Молодая соседка ловко уклонялась от Мартиных расспросов об её артистической деятельности, от намёков на личную жизнь. Она всё больше отшучивалась, нахваливая выпечку, и сетовала на неумение готовить. Филипп откровенно скучал и всем своим видом выказывал нетерпение. Лина тайком поглядывала на мальчика-соседа и очень волновалась, словно чувствовала приближение чего-то из ряда вон выходящего. Вот и дождалась!

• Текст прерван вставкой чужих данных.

lemma is_subgroup_dual:
  assumes inv: "invertible_poly M" and TA: "T \<subseteq> Aut M"
  shows "is_subgroup (rho_prod (Mtr M) ` inv_exps T)"
  unfolding is_subgroup_def
proof (intro conjI ballI)
  show "(\<lambda>_. 1) \<in> rho_prod (Mtr M) ` inv_exps T"
    by (rule image_eqI[where x = "\<lambda>_. 0"]) (simp_all add: inv_exps_def)
next
  fix a b assume "a \<in> rho_prod (Mtr M) ` inv_exps T" "b \<in> rho_prod (Mtr M) ` inv_exps T"
  then obtain r r' where r: "r \<in> inv_exps T" "r' \<in> inv_exps T"
    and ab: "a = rho_prod (Mtr M) r" "b = rho_prod (Mtr M) r'"
    by blast
  have rr': "(\<lambda>k. r k + r' k) \<in> inv_exps T" using r by (simp add: inv_exps_def mpow_add)
  show "(\<lambda>j. a j * b j) \<in> rho_prod (Mtr M) ` inv_exps T"
    unfolding ab by (rule image_eqI[OF _ rr']) (simp add: rho_prod_add vmul_def)
next
  fix a assume "a \<in> rho_prod (Mtr M) ` inv_exps T"
  then show "(\<lambda>j. inverse (a j)) \<in> rho_prod (Mtr M) ` inv_exps T"
    using inverse_in_dual[OF inv TA] by blast
qed

lemma is_subgroup_star:
  assumes inv: "invertible_poly M" and GA: "G \<subseteq> Aut M"
  shows "is_subgroup (star M G)"
  unfolding star_eq[OF inv] using GA Jgrad_in_Aut[OF inv] by (intro is_subgroup_dual[OF inv]) auto

text \<open>The determinant of \<open>rho_prod (Mtr M) r\<close> is the value of the monomial \<open>x^r\<close> at \<open>J\<^sub>W\<close>.\<close>
lemma star_subset_SL:
  assumes inv: "invertible_poly M"
  shows "star M G \<subseteq> SL (Mtr M)"
proof
  fix x assume "x \<in> star M G"
  then obtain r where r: "r \<in> inv_exps (insert (Jgrad M) G)" and x: "x = rho_prod (Mtr M) r"
    unfolding star_eq[OF inv] by blast
  have "diag_det x = mpow (Jgrad M) r"
    using diag_det_rho_prod[OF invertible_Mtr[OF inv]] x by simp
  with r x show "x \<in> SL (Mtr M)"
    by (simp add: SL_eq inv_exps_def rho_prod_in_Aut invertible_Mtr[OF inv])
qed

lemma sq_Jgrad_Mtr_in_star:
  assumes inv: "invertible_poly M" and detJ: "diag_det (Jgrad M) = -1" and GSL: "G \<subseteq> SL M"
  shows "sq (Jgrad (Mtr M)) \<in> star M G"
proof -
  have "(\<lambda>_. 2) \<in> inv_exps (insert (Jgrad M) G)"
    using detJ GSL by (auto simp: inv_exps_def mpow_const_two SL_eq)
  then have "rho_prod (Mtr M) (\<lambda>_. 2) \<in> star M G"
    unfolding star_eq[OF inv] by blast
  then show ?thesis
    by (simp add: Jgrad_eq_rho_prod[OF invertible_Mtr[OF inv]] sq_rho_prod numeral_2_eq_2)
qed

lemma is_subgroup_union_coset:
  assumes G: "is_subgroup G" and J2: "sq J \<in> G" and nz: "\<forall>j. J j \<noteq> 0"
  shows "is_subgroup (G \<union> vmul J ` G)"
proof -
  have mul: "vmul a b \<in> G" if "a \<in> G" "b \<in> G" for a b
    using G that by (simp add: is_subgroup_def vmul_def)
  have inv: "(\<lambda>j. inverse (a j)) \<in> G" if "a \<in> G" for a
    using G that by (simp add: is_subgroup_def)
  have JJ: "vmul J J \<in> G" using J2 by (simp add: sq_def vmul_def power2_eq_square)
  have "vmul a b \<in> G \<union> vmul J ` G"
    if a: "a \<in> G \<union> vmul J ` G" and b: "b \<in> G \<union> vmul J ` G" for a b
  proof -
    consider "a \<in> G" "b \<in> G"
      | g where "a \<in> G" "g \<in> G" "b = vmul J g"
      | g where "g \<in> G" "a = vmul J g" "b \<in> G"
      | g g' where "g \<in> G" "g' \<in> G" "a = vmul J g" "b = vmul J g'"
      using a b by blast
    then show ?thesis
    proof cases
      case 1
      then show ?thesis using mul by blast
    next
      case (2 g)
      then have "vmul a b = vmul J (vmul a g)" by (simp add: vmul_def fun_eq_iff ac_simps)
      then show ?thesis using mul 2 by blast
    next
      case (3 g)
      then have "vmul a b = vmul J (vmul g b)" by (simp add: vmul_def fun_eq_iff ac_simps)
      then show ?thesis using mul 3 by blast
    next
      case (4 g g')
      then have "vmul a b = vmul (vmul J J) (vmul g g')" by (simp add: vmul_def fun_eq_iff ac_simps)
      then show ?thesis using mul JJ 4 by simp
    qed
  qed
  moreover have "(\<lambda>j. inverse (a j)) \<in> G \<union> vmul J ` G" if a: "a \<in> G \<union> vmul J ` G" for a
  proof (cases "a \<in> G")
    case False
    then obtain g where g: "g \<in> G" "a = vmul J g" using a by blast
    have "(\<lambda>j. inverse (a j)) = vmul J (vmul (\<lambda>j. inverse (vmul J J j)) (\<lambda>j. inverse (g j)))"
      using nz by (simp add: g vmul_def fun_eq_iff field_simps)
    then show ?thesis using mul[OF inv[OF JJ] inv[OF g(1)]] by blast
  qed (use inv in blast)
  moreover have "(\<lambda>_. 1) \<in> G" using G by (simp add: is_subgroup_def)
  ultimately show ?thesis
    unfolding is_subgroup_def by (auto simp: vmul_def)
qed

Мама Марта, оставив бесполезные попытки разузнать подробности жизни Полянских, неожиданно переключилась на детей. Установив массивный табурет в центре гостиной, она велела Лине прочесть недавно выученную назубок басню Крылова про Ворону и Лисицу. Лина чуть под стол не рухнула от конфуза, ведь за весь вечер она не проронила ни слова. Мальчишка ехидно ухмыльнулся и уставился на Лину, всем своим видом говоря: «Ну-ну, давай, сбацай что-нибудь, а мы посмотрим, на что ты там способна!»
Лина с мольбой смотрела на мать, вдруг та смягчится и оставит свои глупые затеи, но Марта словно в раж вошла, чуть ли не силой вытащила Лину из-за стола и строгим голосом приказала читать громко и с чувством! Лина и прочитала, стоя на табурете, словно на постаменте, сначала запинаясь, но потом, поймав суровый взгляд матери, оживилась, осмелела и, уже дойдя до льстивых речей Лисицы, пропела слова елейным хитрым голоском. А уж как она каркнула, «во всё воронье горло», Филипп аж чаем подавился, прыснув от смеха. Тётя Марина от души рассмеялась и захлопала в ладоши.
— Какая артистичная малышка! — прослезилась она от умиления.
— Точно придурочная, — бросил Лине Филипп, покидая дом Альтман.